▶ [Your instructions]:
Reproduce all the entries exactly.

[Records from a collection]

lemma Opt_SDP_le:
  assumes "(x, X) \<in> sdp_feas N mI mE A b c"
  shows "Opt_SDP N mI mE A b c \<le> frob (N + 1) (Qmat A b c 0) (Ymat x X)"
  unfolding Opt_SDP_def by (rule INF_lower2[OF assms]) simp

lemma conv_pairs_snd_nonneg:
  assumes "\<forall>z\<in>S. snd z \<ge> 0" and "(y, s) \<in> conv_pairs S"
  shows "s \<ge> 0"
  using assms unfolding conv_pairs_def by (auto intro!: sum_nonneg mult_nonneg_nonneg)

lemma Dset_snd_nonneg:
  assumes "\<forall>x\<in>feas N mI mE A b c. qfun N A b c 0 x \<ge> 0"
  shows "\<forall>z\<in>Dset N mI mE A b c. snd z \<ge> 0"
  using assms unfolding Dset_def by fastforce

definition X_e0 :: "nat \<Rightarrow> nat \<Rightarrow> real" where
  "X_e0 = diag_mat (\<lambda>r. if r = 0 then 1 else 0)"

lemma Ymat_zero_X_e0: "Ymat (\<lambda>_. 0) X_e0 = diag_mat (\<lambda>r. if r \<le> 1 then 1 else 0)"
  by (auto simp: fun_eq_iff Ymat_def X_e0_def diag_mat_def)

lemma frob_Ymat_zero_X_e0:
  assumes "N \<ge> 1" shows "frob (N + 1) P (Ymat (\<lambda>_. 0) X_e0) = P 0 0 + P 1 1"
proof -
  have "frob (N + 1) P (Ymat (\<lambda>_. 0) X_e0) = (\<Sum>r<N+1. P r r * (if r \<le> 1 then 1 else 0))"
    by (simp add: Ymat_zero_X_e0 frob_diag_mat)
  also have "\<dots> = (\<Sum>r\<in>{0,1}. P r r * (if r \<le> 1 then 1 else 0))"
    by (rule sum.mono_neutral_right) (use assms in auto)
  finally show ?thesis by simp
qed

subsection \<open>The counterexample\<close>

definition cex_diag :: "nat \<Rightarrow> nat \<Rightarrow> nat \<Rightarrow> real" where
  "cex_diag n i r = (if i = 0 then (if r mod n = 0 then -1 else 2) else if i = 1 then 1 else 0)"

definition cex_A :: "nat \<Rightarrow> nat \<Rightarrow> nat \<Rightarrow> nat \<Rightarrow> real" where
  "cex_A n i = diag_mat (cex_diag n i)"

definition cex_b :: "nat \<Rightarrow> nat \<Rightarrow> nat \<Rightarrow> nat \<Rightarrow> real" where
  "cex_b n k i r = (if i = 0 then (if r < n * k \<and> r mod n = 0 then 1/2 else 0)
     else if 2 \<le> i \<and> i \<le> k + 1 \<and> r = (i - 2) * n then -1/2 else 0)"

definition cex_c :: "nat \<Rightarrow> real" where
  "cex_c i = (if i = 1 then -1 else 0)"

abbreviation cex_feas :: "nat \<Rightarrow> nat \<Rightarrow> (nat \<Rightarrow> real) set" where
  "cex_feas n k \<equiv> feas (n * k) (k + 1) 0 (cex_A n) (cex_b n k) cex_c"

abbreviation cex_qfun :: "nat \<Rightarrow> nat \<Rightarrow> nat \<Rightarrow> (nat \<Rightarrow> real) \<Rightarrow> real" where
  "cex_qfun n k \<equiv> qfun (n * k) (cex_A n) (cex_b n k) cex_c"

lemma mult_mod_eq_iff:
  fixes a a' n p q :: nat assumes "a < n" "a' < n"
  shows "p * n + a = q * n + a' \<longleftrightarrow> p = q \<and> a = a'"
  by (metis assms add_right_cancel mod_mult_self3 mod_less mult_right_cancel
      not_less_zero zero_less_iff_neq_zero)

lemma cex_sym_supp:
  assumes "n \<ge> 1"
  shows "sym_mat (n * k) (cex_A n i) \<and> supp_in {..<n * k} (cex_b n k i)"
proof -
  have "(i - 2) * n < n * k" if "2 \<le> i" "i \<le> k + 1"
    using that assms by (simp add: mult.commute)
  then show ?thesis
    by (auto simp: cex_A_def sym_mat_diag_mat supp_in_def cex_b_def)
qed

▶ [Result]:
lemma Opt_SDP_le:
  assumes "(x, X) \<in> sdp_feas N mI mE A b c"
  shows "Opt_SDP N mI mE A b c \<le> frob (N + 1) (Qmat A b c 0) (Ymat x X)"
  unfolding Opt_SDP_def by (rule INF_lower2[OF assms]) simp

lemma conv_pairs_snd_nonneg:
  assumes "\<forall>z\<in>S. snd z \<ge> 0" and "(y, s) \<in> conv_pairs S"
  shows "s \<ge> 0"
  using assms unfolding conv_pairs_def by (auto intro!: sum_nonneg mult_nonneg_nonneg)

lemma Dset_snd_nonneg:
  assumes "\<forall>x\<in>feas N mI mE A b c. qfun N A b c 0 x \<ge> 0"
  shows "\<forall>z\<in>Dset N mI mE A b c. snd z \<ge> 0"
  using assms unfolding Dset_def by fastforce

definition X_e0 :: "nat \<Rightarrow> nat \<Rightarrow> real" where
  "X_e0 = diag_mat (\<lambda>r. if r = 0 then 1 else 0)"

lemma Ymat_zero_X_e0: "Ymat (\<lambda>_. 0) X_e0 = diag_mat (\<lambda>r. if r \<le> 1 then 1 else 0)"
  by (auto simp: fun_eq_iff Ymat_def X_e0_def diag_mat_def)

lemma frob_Ymat_zero_X_e0:
  assumes "N \<ge> 1" shows "frob (N + 1) P (Ymat (\<lambda>_. 0) X_e0) = P 0 0 + P 1 1"
proof -
  have "frob (N + 1) P (Ymat (\<lambda>_. 0) X_e0) = (\<Sum>r<N+1. P r r * (if r \<le> 1 then 1 else 0))"
    by (simp add: Ymat_zero_X_e0 frob_diag_mat)
  also have "\<dots> = (\<Sum>r\<in>{0,1}. P r r * (if r \<le> 1 then 1 else 0))"
    by (rule sum.mono_neutral_right) (use assms in auto)
  finally show ?thesis by simp
qed

subsection \<open>The counterexample\<close>

definition cex_diag :: "nat \<Rightarrow> nat \<Rightarrow> nat \<Rightarrow> real" where
  "cex_diag n i r = (if i = 0 then (if r mod n = 0 then -1 else 2) else if i = 1 then 1 else 0)"

definition cex_A :: "nat \<Rightarrow> nat \<Rightarrow> nat \<Rightarrow> nat \<Rightarrow> real" where
  "cex_A n i = diag_mat (cex_diag n i)"

definition cex_b :: "nat \<Rightarrow> nat \<Rightarrow> nat \<Rightarrow> nat \<Rightarrow> real" where
  "cex_b n k i r = (if i = 0 then (if r < n * k \<and> r mod n = 0 then 1/2 else 0)
     else if 2 \<le> i \<and> i \<le> k + 1 \<and> r = (i - 2) * n then -1/2 else 0)"

definition cex_c :: "nat \<Rightarrow> real" where
  "cex_c i = (if i = 1 then -1 else 0)"

abbreviation cex_feas :: "nat \<Rightarrow> nat \<Rightarrow> (nat \<Rightarrow> real) set" where
  "cex_feas n k \<equiv> feas (n * k) (k + 1) 0 (cex_A n) (cex_b n k) cex_c"

abbreviation cex_qfun :: "nat \<Rightarrow> nat \<Rightarrow> nat \<Rightarrow> (nat \<Rightarrow> real) \<Rightarrow> real" where
  "cex_qfun n k \<equiv> qfun (n * k) (cex_A n) (cex_b n k) cex_c"

lemma mult_mod_eq_iff:
  fixes a a' n p q :: nat assumes "a < n" "a' < n"
  shows "p * n + a = q * n + a' \<longleftrightarrow> p = q \<and> a = a'"
  by (metis assms add_right_cancel mod_mult_self3 mod_less mult_right_cancel
      not_less_zero zero_less_iff_neq_zero)

lemma cex_sym_supp:
  assumes "n \<ge> 1"
  shows "sym_mat (n * k) (cex_A n i) \<and> supp_in {..<n * k} (cex_b n k i)"
proof -
  have "(i - 2) * n < n * k" if "2 \<le> i" "i \<le> k + 1"
    using that assms by (simp add: mult.commute)
  then show ?thesis
    by (auto simp: cex_A_def sym_mat_diag_mat supp_in_def cex_b_def)
qed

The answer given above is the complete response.